**YOUR ASSIGNMENT:** Find each line below containing the word "ultimately" and copy it.

------

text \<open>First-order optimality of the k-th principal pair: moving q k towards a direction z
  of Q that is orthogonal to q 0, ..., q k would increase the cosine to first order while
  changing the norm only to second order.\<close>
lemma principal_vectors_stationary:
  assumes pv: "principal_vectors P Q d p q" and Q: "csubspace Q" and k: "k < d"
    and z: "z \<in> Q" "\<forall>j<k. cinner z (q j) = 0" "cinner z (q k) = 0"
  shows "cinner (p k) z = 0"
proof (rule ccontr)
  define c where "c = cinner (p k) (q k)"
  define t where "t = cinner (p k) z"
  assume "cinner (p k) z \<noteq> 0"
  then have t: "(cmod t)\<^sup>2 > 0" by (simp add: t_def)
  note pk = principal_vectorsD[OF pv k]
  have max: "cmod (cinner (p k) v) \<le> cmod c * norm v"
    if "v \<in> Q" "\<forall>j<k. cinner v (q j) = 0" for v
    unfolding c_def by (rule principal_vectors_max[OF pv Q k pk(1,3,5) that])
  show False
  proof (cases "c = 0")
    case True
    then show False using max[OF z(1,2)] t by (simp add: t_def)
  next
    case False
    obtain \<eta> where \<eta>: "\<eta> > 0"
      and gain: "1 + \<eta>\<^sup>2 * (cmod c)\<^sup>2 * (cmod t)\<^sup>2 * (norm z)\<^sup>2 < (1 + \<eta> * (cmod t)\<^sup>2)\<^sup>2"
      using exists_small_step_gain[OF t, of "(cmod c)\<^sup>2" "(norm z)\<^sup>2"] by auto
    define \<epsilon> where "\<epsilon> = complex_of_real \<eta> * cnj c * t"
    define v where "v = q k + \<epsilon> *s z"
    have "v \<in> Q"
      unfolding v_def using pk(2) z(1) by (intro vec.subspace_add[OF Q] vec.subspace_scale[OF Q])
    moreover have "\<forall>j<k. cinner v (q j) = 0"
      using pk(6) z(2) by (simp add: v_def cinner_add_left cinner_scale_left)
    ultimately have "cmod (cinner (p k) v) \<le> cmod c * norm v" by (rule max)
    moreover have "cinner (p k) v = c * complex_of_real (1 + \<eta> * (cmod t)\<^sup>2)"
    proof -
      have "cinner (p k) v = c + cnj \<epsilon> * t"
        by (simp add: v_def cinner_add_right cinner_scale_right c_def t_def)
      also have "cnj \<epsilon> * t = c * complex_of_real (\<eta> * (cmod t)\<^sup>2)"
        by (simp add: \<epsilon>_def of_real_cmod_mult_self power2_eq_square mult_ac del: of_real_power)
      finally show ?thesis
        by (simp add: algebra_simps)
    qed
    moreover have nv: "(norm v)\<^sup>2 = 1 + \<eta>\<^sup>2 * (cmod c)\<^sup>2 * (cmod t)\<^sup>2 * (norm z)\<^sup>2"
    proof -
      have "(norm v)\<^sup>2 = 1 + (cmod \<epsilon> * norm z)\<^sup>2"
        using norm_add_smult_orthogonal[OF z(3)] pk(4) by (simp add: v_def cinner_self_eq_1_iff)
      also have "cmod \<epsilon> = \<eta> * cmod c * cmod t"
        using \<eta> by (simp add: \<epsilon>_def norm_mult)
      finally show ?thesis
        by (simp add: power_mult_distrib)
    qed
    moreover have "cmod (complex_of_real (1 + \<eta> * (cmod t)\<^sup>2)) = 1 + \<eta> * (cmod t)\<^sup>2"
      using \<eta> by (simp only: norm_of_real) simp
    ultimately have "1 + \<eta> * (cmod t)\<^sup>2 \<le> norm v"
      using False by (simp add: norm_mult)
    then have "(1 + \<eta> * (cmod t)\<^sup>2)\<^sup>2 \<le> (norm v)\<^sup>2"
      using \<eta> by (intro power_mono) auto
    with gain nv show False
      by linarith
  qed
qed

------

**SOLVED PROBLEM:**
    ultimately have "cmod (cinner (p k) v) \<le> cmod c * norm v" by (rule max)
    ultimately have "1 + \<eta> * (cmod t)\<^sup>2 \<le> norm v"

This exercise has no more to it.